The CwA was undeniably successful, helping to deliver a Republican majority to Congress in 1994 by positively and simply defining the GOP in a manner easily understood by the electorate. The PPRUPSC fails in this charge by presenting more as a litmus test than a set of principles due to the fact that the resolution ties support to a candidate's performance on these issues.

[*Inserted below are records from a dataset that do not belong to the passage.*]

lemma card_labelings:
  assumes "finite A" and "(\<Sum>t\<in>A. k t) = p"
  shows "card (labelings p A k) * (\<Prod>t\<in>A. fact (k t)) = fact p"
proof -
  define M where "M = (\<Sum>t\<in>A. replicate_mset (k t) t)"
  have count_M: "count M t = (if t \<in> A then k t else 0)" for t
    using count_replicate_mset_sum[OF assms(1)] by (simp add: M_def)
  have "card (labelings p A k) = card (permutations_of_multiset M)"
    unfolding M_def using bij_betw_labelings_permutations[OF assms] by (rule bij_betw_same_card)
  moreover have "set_mset M \<subseteq> A"
    using count_M by (auto simp: set_mset_def split: if_splits)
  then have "(\<Prod>t\<in>set_mset M. fact (count M t)) = (\<Prod>t\<in>A. fact (k t) :: nat)"
    using assms(1) count_M by (intro prod.mono_neutral_cong_left) (auto simp: not_in_iff)
  moreover have "size M = p"
    using assms(2) by (simp add: M_def)
  ultimately show ?thesis
    using card_permutations_of_multiset_aux[of M] by simp
qed

definition merge_labels :: "'a set \<Rightarrow> 'a \<Rightarrow> nat \<Rightarrow> (nat \<Rightarrow> 'a) \<Rightarrow> nat \<Rightarrow> 'a" where
  "merge_labels F g p b = restrict (\<lambda>j. if b j \<in> F then g else b j) {0..<p}"

lemma card_label_mem_eq_sum:
  fixes b :: "nat \<Rightarrow> 'a"
  assumes "finite G"
  shows "card {j. j < p \<and> b j \<in> G \<and> P j} = (\<Sum>u\<in>G. card {j. j < p \<and> b j = u \<and> P j})"
proof -
  have "{j. j < p \<and> b j \<in> G \<and> P j} = (\<Union>u\<in>G. {j. j < p \<and> b j = u \<and> P j})"
    by auto
  also have "card \<dots> = (\<Sum>u\<in>G. card {j. j < p \<and> b j = u \<and> P j})"
    using assms by (intro card_UN_disjoint) auto
  finally show ?thesis .
qed

lemma card_merge_labels:
  assumes "finite F" "g \<notin> F"
  shows "card {j. j < p \<and> merge_labels F g p b j = t \<and> P j} =
    (if t = g then (\<Sum>u\<in>insert g F. card {j. j < p \<and> b j = u \<and> P j})
     else if t \<in> F then 0 else card {j. j < p \<and> b j = t \<and> P j})"
proof -
  have "{j. j < p \<and> merge_labels F g p b j = t \<and> P j} =
    (if t = g then {j. j < p \<and> b j \<in> insert g F \<and> P j}
     else if t \<in> F then {} else {j. j < p \<and> b j = t \<and> P j})"
    using assms(2) by (auto simp: merge_labels_def)
  then show ?thesis
    using assms card_label_mem_eq_sum[of "insert g F" p b P] by simp
qed

lemma merge_labels_in_labelings:
  assumes "finite F" "F \<subseteq> A" "g \<in> A" "g \<notin> F" and b: "b \<in> labelings p A k"
  shows "merge_labels F g p b \<in> labelings p (A - F) (k(g := \<Sum>u\<in>insert g F. k u))"
proof -
  have card_b: "card {j. j < p \<and> b j = t} = k t" if "t \<in> A" for t
    using b that by (simp add: labelings_def)
  have "(\<Sum>u\<in>insert g F. card {j. j < p \<and> b j = u}) = (\<Sum>u\<in>insert g F. k u)"
    using assms(2,3) card_b by (intro sum.cong) auto
  then have "card {j. j < p \<and> merge_labels F g p b j = t} = (k(g := \<Sum>u\<in>insert g F. k u)) t"
    if "t \<in> A - F" for t
    using card_merge_labels[OF assms(1,4), of p b t "\<lambda>_. True"] card_b that by auto
  moreover have "merge_labels F g p b \<in> {0..<p} \<rightarrow>\<^sub>E A - F"
    using b assms(3,4) by (auto simp: merge_labels_def labelings_def PiE_iff)
  ultimately show ?thesis
    by (simp add: labelings_def)
qed

lemma card_labelings_merge:
  assumes "finite A" "F \<subseteq> A" "g \<in> A" "g \<notin> F" and "(\<Sum>t\<in>A. k t) = p"
  defines "N \<equiv> \<Sum>u\<in>insert g F. k u"
  shows "card (labelings p A k) * (\<Prod>u\<in>insert g F. fact (k u)) =
    card (labelings p (A - F) (k(g := N))) * fact N"
proof -
  define R where "R = (\<Prod>t\<in>A - insert g F. fact (k t) :: nat)"
  have gF: "insert g F \<subseteq> A" "finite (insert g F)"
    using assms(1-3) finite_subset by auto
  have A_F: "A - F = insert g (A - insert g F)" "g \<notin> A - insert g F" "finite (A - insert g F)"
    using assms(1,3,4) by auto
  have k_upd: "(k(g := N)) t = k t" if "t \<in> A - insert g F" for t
    using that by simp
  have "(\<Sum>t\<in>A - F. (k(g := N)) t) = N + (\<Sum>t\<in>A - insert g F. (k(g := N)) t)"
    unfolding A_F(1) using A_F(2,3) by simp
  also have "\<dots> = N + (\<Sum>t\<in>A - insert g F. k t)"
    using sum.cong[OF refl k_upd] by simp
  also have "\<dots> = p"
    using assms(1,5) gF by (simp add: N_def sum.subset_diff[of "insert g F" A])
  finally have card_merged: "card (labelings p (A - F) (k(g := N))) * (\<Prod>t\<in>A - F. fact ((k(g := N)) t)) = fact p"
    using assms(1) by (intro card_labelings) auto
  have "(\<Prod>t\<in>A - F. fact ((k(g := N)) t)) = fact N * (\<Prod>t\<in>A - insert g F. fact ((k(g := N)) t))"
    unfolding A_F(1) using A_F(2,3) by simp
  also have "\<dots> = fact N * R"
    unfolding R_def using prod.cong[OF refl, of _ "\<lambda>t. fact ((k(g := N)) t)" "\<lambda>t. fact (k t)"] k_upd by simp
  finally have "card (labelings p (A - F) (k(g := N))) * fact N * R = fact p"
    using card_merged by (simp add: mult.assoc)
  moreover have "card (labelings p A k) * (\<Prod>u\<in>insert g F. fact (k u)) * R = fact p"
    using card_labelings[OF assms(1,5)] assms(1) gF
    by (simp add: R_def prod.subset_diff[of "insert g F" A] mult_ac)
  moreover have "R > 0"
    by (simp add: R_def prod_pos)
  ultimately show ?thesis
    by (metis mult_right_cancel not_less0)
qed

lemma label_count_eq_if_merge_labels_eq:
  assumes "finite F" "g \<notin> F"
    and merge: "merge_labels F g p b1 = merge_labels F g p b2"
    and on_F: "\<And>u. u \<in> F \<Longrightarrow> card {j. j < p \<and> b1 j = u \<and> P j} = card {j. j < p \<and> b2 j = u \<and> P j}"
  shows "card {j. j < p \<and> b1 j = t \<and> P j} = card {j. j < p \<and> b2 j = t \<and> P j}"
proof -
  have merged: "(if t = g then (\<Sum>u\<in>insert g F. card {j. j < p \<and> b1 j = u \<and> P j})
       else if t \<in> F then 0 else card {j. j < p \<and> b1 j = t \<and> P j}) =
     (if t = g then (\<Sum>u\<in>insert g F. card {j. j < p \<and> b2 j = u \<and> P j})
       else if t \<in> F then 0 else card {j. j < p \<and> b2 j = t \<and> P j})" for t
    using card_merge_labels[OF assms(1,2), of p b1 t P] card_merge_labels[OF assms(1,2), of p b2 t P]
    by (simp only: merge)
  consider "t \<in> F" | "t = g" | "t \<notin> F" "t \<noteq> g"
    by blast
  then show ?thesis
  proof cases
    case 2
    have "(\<Sum>u\<in>F. card {j. j < p \<and> b1 j = u \<and> P j}) = (\<Sum>u\<in>F. card {j. j < p \<and> b2 j = u \<and> P j})"
      using on_F by (rule sum.cong[OF refl])
    then show ?thesis
      using merged[of g] assms(1,2) 2 by simp
  qed (use on_F merged[of t] in auto)
qed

The larger problem for the RNC if it passes this resolution is it will be easily manipulated by Democratic candidates to define Republican candidates as intolerant and inflexible. The PPRUPSC directly confronts gay marriage, abortion and gun rights thus choosing to headline issues that are unlikely to be top of mind to the 2010 voter. A recent Gallup survey reported that only 12 percent of Americans think gun laws need to be less strict. Support for same-sex marriage is growing with as many as 42 percent of Americans in support according to CBS News earlier this year. Abortion speaks for itself as a polarizing issue best used in the mailbox and not at the general election ballot box.

With this resolution Mr. Bopp is seeking to fight some legislative battles that have already been determined. Cap and trade is a fact; healthcare reform is soon to be a fact; card check is not broadly a winning issue or relevant to 2010 and; President Obama has already committed more troops to Afghanistan.

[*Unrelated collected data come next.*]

lemma is_eigenvalue_at_peak_iff:
  assumes "periodic_peak (w p) a" and "continuous_on UNIV \<phi>" and "T3_periodic \<phi>"
    and "\<exists>x. \<phi> x \<noteq> 0" and "\<mu> \<noteq> 0"
    and "\<exists>t>0. \<exists>K. \<forall>h. norm h \<le> t \<longrightarrow> \<bar>\<phi> (a + h) - \<phi> a\<bar> \<le> K * norm h"
  shows "is_eigenvalue \<mu> \<phi> w p (w p a) \<longleftrightarrow>
           \<phi> a = 0 \<and> \<mu> * (\<integral>s. (\<phi> s)\<^sup>2 / (w p a - w p s) \<partial>T3meas) = 1"
proof -
  interpret periodic_peak "w p" a by fact
  define g where "g q = complex_of_real (\<mu> * \<phi> q / (w p a - w p q))" for q
  note eigenfunction_iff = is_eigenfunction_at_peak_iff[where w = w and p = p, OF assms(1-5),
      folded g_def]
  have g_L2: "g \<in> L2_T3 \<longleftrightarrow> \<phi> a = 0"
    unfolding g_def by (rule L2_T3_profile_iff[OF assms(2,3,6,5)])
  show ?thesis
  proof
    assume "is_eigenvalue \<mu> \<phi> w p (w p a)"
    then obtain f C where f: "f \<in> L2_T3" "\<mu> * (\<integral>s. (\<phi> s)\<^sup>2 / (w p a - w p s) \<partial>T3meas) = 1"
      "C \<noteq> 0" "AE q in T3meas. f q = C * g q"
      unfolding is_eigenvalue_def eigenfunction_iff by blast
    have [measurable]: "\<phi> \<in> borel_measurable T3meas"
      by (rule continuous_on_imp_T3meas_measurable[OF assms(2)])
    have "g \<in> borel_measurable T3meas" unfolding g_def by measurable
    moreover have "f \<in> borel_measurable T3meas" using f(1) by (simp add: L2_T3_def)
    ultimately have "g \<in> L2_T3" using L2_T3_AE_cmult_iff f by blast
    then show "\<phi> a = 0 \<and> \<mu> * (\<integral>s. (\<phi> s)\<^sup>2 / (w p a - w p s) \<partial>T3meas) = 1"
      using g_L2 f(2) by blast
  next
    assume "\<phi> a = 0 \<and> \<mu> * (\<integral>s. (\<phi> s)\<^sup>2 / (w p a - w p s) \<partial>T3meas) = 1"
    then have "is_eigenfunction \<mu> \<phi> w p (w p a) g"
      unfolding eigenfunction_iff using g_L2 by (auto intro!: exI[of _ 1])
    then show "is_eigenvalue \<mu> \<phi> w p (w p a)" unfolding is_eigenvalue_def by blast
  qed
qed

The PPRUPSC is bad for the GOP is because it will be used by Democrats to polarize voters against Republican candidates. There is fertile ground on economic issues to give the GOP victories in 2010 and that is where the RNC should craft its resolutions, rather than playing in its preferred sandbox of abortion, guns and gay marriage.  A significant segment of the electorate will be easily persuaded that any litmus test that applies to candidates also applies to voters.